Material to process
lemma mat_inv_mmul:
  assumes "mdet A dvd 1" "mdet B dvd 1"
  shows "mat_inv (mmul A B) = mmul (mat_inv B) (mat_inv A)"
proof (rule mat_inv_unique)
  have "mmul (mmul A B) (mmul (mat_inv B) (mat_inv A)) = mmul A (mmul (mmul B (mat_inv B)) (mat_inv A))"
    by (simp add: mmul_assoc)
  then show "mmul (mmul A B) (mmul (mat_inv B) (mat_inv A)) = mat_one"
    by (simp add: assms mmul_mat_inv(1))
qed (simp add: assms mdet_mmul_unit)

lemma mat_cong_mat_inv:
  assumes "mdet A dvd 1" "mdet B dvd 1" "mat_cong m A B"
  shows "mat_cong m (mat_inv A) (mat_inv B)"
proof -
  have "mat_cong m (mmul (mat_inv A) (mmul B (mat_inv B))) (mmul (mat_inv A) (mmul A (mat_inv B)))"
    by (intro mat_cong_mmul_left mat_cong_mmul_right mat_cong_sym[OF assms(3)])
  then show ?thesis
    by (simp add: assms mmul_mat_inv flip: mmul_assoc)
qed

lemma binomial_prime_power_add:
  fixes a b :: "'a::comm_semiring_1"
  assumes "prime p"
  shows "\<exists>Q. (a + b) ^ p = a ^ p + b ^ p + of_nat p * Q"
proof -
  have p0: "p > 0" using assms prime_gt_0_nat by blast
  define Q where "Q = (\<Sum>k\<in>{0<..<p}. of_nat ((p choose k) div p) * a ^ k * b ^ (p - k) :: 'a)"
  have "(a + b) ^ p = (\<Sum>k\<le>p. of_nat (p choose k) * a ^ k * b ^ (p - k))"
    by (simp add: binomial_ring add.commute)
  also have "{..p} = insert p (insert 0 {0<..<p})" using p0 by auto
  also have "(\<Sum>k\<in>insert p (insert 0 {0<..<p}). of_nat (p choose k) * a ^ k * b ^ (p - k))
      = a ^ p + b ^ p + (\<Sum>k\<in>{0<..<p}. of_nat (p choose k) * a ^ k * b ^ (p - k))"
    using p0 by (simp add: add.assoc)
  also have "(\<Sum>k\<in>{0<..<p}. of_nat (p choose k) * a ^ k * b ^ (p - k)) = of_nat p * Q"
    unfolding Q_def sum_distrib_left
  proof (rule sum.cong [OF refl])
    fix k assume "k \<in> {0<..<p}"
    then have "p choose k = p * ((p choose k) div p)"
      using dvd_choose_prime assms by auto
    then show "of_nat (p choose k) * a ^ k * b ^ (p - k) =
        of_nat p * (of_nat ((p choose k) div p) * a ^ k * b ^ (p - k))"
      by (metis mult.assoc of_nat_mult)
  qed
  finally show ?thesis by blast
qed

lemma mem_Kn_iff_mat_cong: "A \<in> Kn unif n \<longleftrightarrow> mat_cong (unif ^ n) A mat_one"
  by (cases A rule: prod_cases4) (simp add: Kn_def mat_one_def mat_cong_simp)

lemma mem_Kn_le: "A \<in> Kn unif n \<Longrightarrow> m \<le> n \<Longrightarrow> A \<in> Kn unif m"
  by (auto simp: Kn_def intro: dvd_trans[OF le_imp_power_dvd])

section \<open>Reduction modulo a uniformizer whose square divides p\<close>

locale ramified_reduction =
  fixes p :: nat and unif :: "'o::idom" and red :: "'o \<Rightarrow> 'k::field"
  assumes prime_p: "prime p"
    and red_hom: "ring_hom_fun red"
    and surj_red: "surj red"
    and red_eq_0_iff: "red x = 0 \<longleftrightarrow> unif dvd x"
    and unit_if_red_ne_0: "red x \<noteq> 0 \<Longrightarrow> x dvd 1"
    and finite_residue_field: "finite (UNIV :: 'k set)"
    and residue_char: "of_nat p = (0 :: 'k)"
    and unif_sq_dvd_p: "unif ^ 2 dvd of_nat p"

lemma padic_integer_ring_ramified_reduction:
  fixes unif :: "'o::idom" and red :: "'o \<Rightarrow> 'k::field"
  assumes P: "padic_integer_ring p unif red" and e: "ram_index p unif > 1"
  shows "ramified_reduction p unif red"
proof -
  have prime: "prime p"
    and char_0: "\<forall>n::nat. of_nat n = (0 :: 'o) \<longrightarrow> n = 0"
    and factor: "\<forall>x. x \<noteq> 0 \<longrightarrow> (\<exists>u n. u dvd 1 \<and> x = u * unif ^ n)"
    and kernel: "\<forall>x. red x = 0 \<longleftrightarrow> unif dvd x"
    and residue: "ring_hom_fun red" "surj red" "finite (UNIV :: 'k set)" "of_nat p = (0 :: 'k)"
    using P unfolding padic_integer_ring_def by auto
  have "(of_nat p :: 'o) \<noteq> 0"
    using char_0 prime_gt_0_nat[OF prime] by auto
  then have "\<exists>n u. u dvd 1 \<and> (of_nat p :: 'o) = u * unif ^ n"
    using factor[rule_format] by blast
  then have "\<exists>u. u dvd 1 \<and> (of_nat p :: 'o) = u * unif ^ ram_index p unif"
    unfolding ram_index_def by (rule LeastI_ex)
  then obtain u where u: "(of_nat p :: 'o) = u * unif ^ ram_index p unif"
    by blast
  have "unif ^ 2 dvd unif ^ ram_index p unif"
    using e by (intro le_imp_power_dvd) simp
  then have sq: "unif ^ 2 dvd (of_nat p :: 'o)"
    unfolding u by (rule dvd_mult)
  have unit: "x dvd 1" if "red x \<noteq> 0" for x
  proof -
    have x: "\<not> unif dvd x" using kernel that by blast
    then obtain u n where u: "u dvd 1" "x = u * unif ^ n"
      using factor[rule_format, of x] by (metis dvd_0_right)
    show ?thesis
    proof (cases n)
      case 0
      then show ?thesis using u by simp
    next
      case (Suc m)
      then have "unif dvd x" unfolding u(2) by simp
      then show ?thesis using x by contradiction
    qed
  qed
  show ?thesis
    by unfold_locales (use prime kernel residue sq unit in simp_all)
qed

context ramified_reduction
begin

lemma red_add [simp]: "red (x + y) = red x + red y"
  and red_mult [simp]: "red (x * y) = red x * red y"
  and red_one [simp]: "red 1 = 1"
  using red_hom unfolding ring_hom_fun_def by blast+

Aim of the task
The response has to match the records above word for word.

Finished exercise
lemma mat_inv_mmul:
  assumes "mdet A dvd 1" "mdet B dvd 1"
  shows "mat_inv (mmul A B) = mmul (mat_inv B) (mat_inv A)"
proof (rule mat_inv_unique)
  have "mmul (mmul A B) (mmul (mat_inv B) (mat_inv A)) = mmul A (mmul (mmul B (mat_inv B)) (mat_inv A))"
    by (simp add: mmul_assoc)
  then show "mmul (mmul A B) (mmul (mat_inv B) (mat_inv A)) = mat_one"
    by (simp add: assms mmul_mat_inv(1))
qed (simp add: assms mdet_mmul_unit)

lemma mat_cong_mat_inv:
  assumes "mdet A dvd 1" "mdet B dvd 1" "mat_cong m A B"
  shows "mat_cong m (mat_inv A) (mat_inv B)"
proof -
  have "mat_cong m (mmul (mat_inv A) (mmul B (mat_inv B))) (mmul (mat_inv A) (mmul A (mat_inv B)))"
    by (intro mat_cong_mmul_left mat_cong_mmul_right mat_cong_sym[OF assms(3)])
  then show ?thesis
    by (simp add: assms mmul_mat_inv flip: mmul_assoc)
qed

lemma binomial_prime_power_add:
  fixes a b :: "'a::comm_semiring_1"
  assumes "prime p"
  shows "\<exists>Q. (a + b) ^ p = a ^ p + b ^ p + of_nat p * Q"
proof -
  have p0: "p > 0" using assms prime_gt_0_nat by blast
  define Q where "Q = (\<Sum>k\<in>{0<..<p}. of_nat ((p choose k) div p) * a ^ k * b ^ (p - k) :: 'a)"
  have "(a + b) ^ p = (\<Sum>k\<le>p. of_nat (p choose k) * a ^ k * b ^ (p - k))"
    by (simp add: binomial_ring add.commute)
  also have "{..p} = insert p (insert 0 {0<..<p})" using p0 by auto
  also have "(\<Sum>k\<in>insert p (insert 0 {0<..<p}). of_nat (p choose k) * a ^ k * b ^ (p - k))
      = a ^ p + b ^ p + (\<Sum>k\<in>{0<..<p}. of_nat (p choose k) * a ^ k * b ^ (p - k))"
    using p0 by (simp add: add.assoc)
  also have "(\<Sum>k\<in>{0<..<p}. of_nat (p choose k) * a ^ k * b ^ (p - k)) = of_nat p * Q"
    unfolding Q_def sum_distrib_left
  proof (rule sum.cong [OF refl])
    fix k assume "k \<in> {0<..<p}"
    then have "p choose k = p * ((p choose k) div p)"
      using dvd_choose_prime assms by auto
    then show "of_nat (p choose k) * a ^ k * b ^ (p - k) =
        of_nat p * (of_nat ((p choose k) div p) * a ^ k * b ^ (p - k))"
      by (metis mult.assoc of_nat_mult)
  qed
  finally show ?thesis by blast
qed

lemma mem_Kn_iff_mat_cong: "A \<in> Kn unif n \<longleftrightarrow> mat_cong (unif ^ n) A mat_one"
  by (cases A rule: prod_cases4) (simp add: Kn_def mat_one_def mat_cong_simp)

lemma mem_Kn_le: "A \<in> Kn unif n \<Longrightarrow> m \<le> n \<Longrightarrow> A \<in> Kn unif m"
  by (auto simp: Kn_def intro: dvd_trans[OF le_imp_power_dvd])

section \<open>Reduction modulo a uniformizer whose square divides p\<close>

locale ramified_reduction =
  fixes p :: nat and unif :: "'o::idom" and red :: "'o \<Rightarrow> 'k::field"
  assumes prime_p: "prime p"
    and red_hom: "ring_hom_fun red"
    and surj_red: "surj red"
    and red_eq_0_iff: "red x = 0 \<longleftrightarrow> unif dvd x"
    and unit_if_red_ne_0: "red x \<noteq> 0 \<Longrightarrow> x dvd 1"
    and finite_residue_field: "finite (UNIV :: 'k set)"
    and residue_char: "of_nat p = (0 :: 'k)"
    and unif_sq_dvd_p: "unif ^ 2 dvd of_nat p"

lemma padic_integer_ring_ramified_reduction:
  fixes unif :: "'o::idom" and red :: "'o \<Rightarrow> 'k::field"
  assumes P: "padic_integer_ring p unif red" and e: "ram_index p unif > 1"
  shows "ramified_reduction p unif red"
proof -
  have prime: "prime p"
    and char_0: "\<forall>n::nat. of_nat n = (0 :: 'o) \<longrightarrow> n = 0"
    and factor: "\<forall>x. x \<noteq> 0 \<longrightarrow> (\<exists>u n. u dvd 1 \<and> x = u * unif ^ n)"
    and kernel: "\<forall>x. red x = 0 \<longleftrightarrow> unif dvd x"
    and residue: "ring_hom_fun red" "surj red" "finite (UNIV :: 'k set)" "of_nat p = (0 :: 'k)"
    using P unfolding padic_integer_ring_def by auto
  have "(of_nat p :: 'o) \<noteq> 0"
    using char_0 prime_gt_0_nat[OF prime] by auto
  then have "\<exists>n u. u dvd 1 \<and> (of_nat p :: 'o) = u * unif ^ n"
    using factor[rule_format] by blast
  then have "\<exists>u. u dvd 1 \<and> (of_nat p :: 'o) = u * unif ^ ram_index p unif"
    unfolding ram_index_def by (rule LeastI_ex)
  then obtain u where u: "(of_nat p :: 'o) = u * unif ^ ram_index p unif"
    by blast
  have "unif ^ 2 dvd unif ^ ram_index p unif"
    using e by (intro le_imp_power_dvd) simp
  then have sq: "unif ^ 2 dvd (of_nat p :: 'o)"
    unfolding u by (rule dvd_mult)
  have unit: "x dvd 1" if "red x \<noteq> 0" for x
  proof -
    have x: "\<not> unif dvd x" using kernel that by blast
    then obtain u n where u: "u dvd 1" "x = u * unif ^ n"
      using factor[rule_format, of x] by (metis dvd_0_right)
    show ?thesis
    proof (cases n)
      case 0
      then show ?thesis using u by simp
    next
      case (Suc m)
      then have "unif dvd x" unfolding u(2) by simp
      then show ?thesis using x by contradiction
    qed
  qed
  show ?thesis
    by unfold_locales (use prime kernel residue sq unit in simp_all)
qed

context ramified_reduction
begin

lemma red_add [simp]: "red (x + y) = red x + red y"
  and red_mult [simp]: "red (x * y) = red x * red y"
  and red_one [simp]: "red 1 = 1"
  using red_hom unfolding ring_hom_fun_def by blast+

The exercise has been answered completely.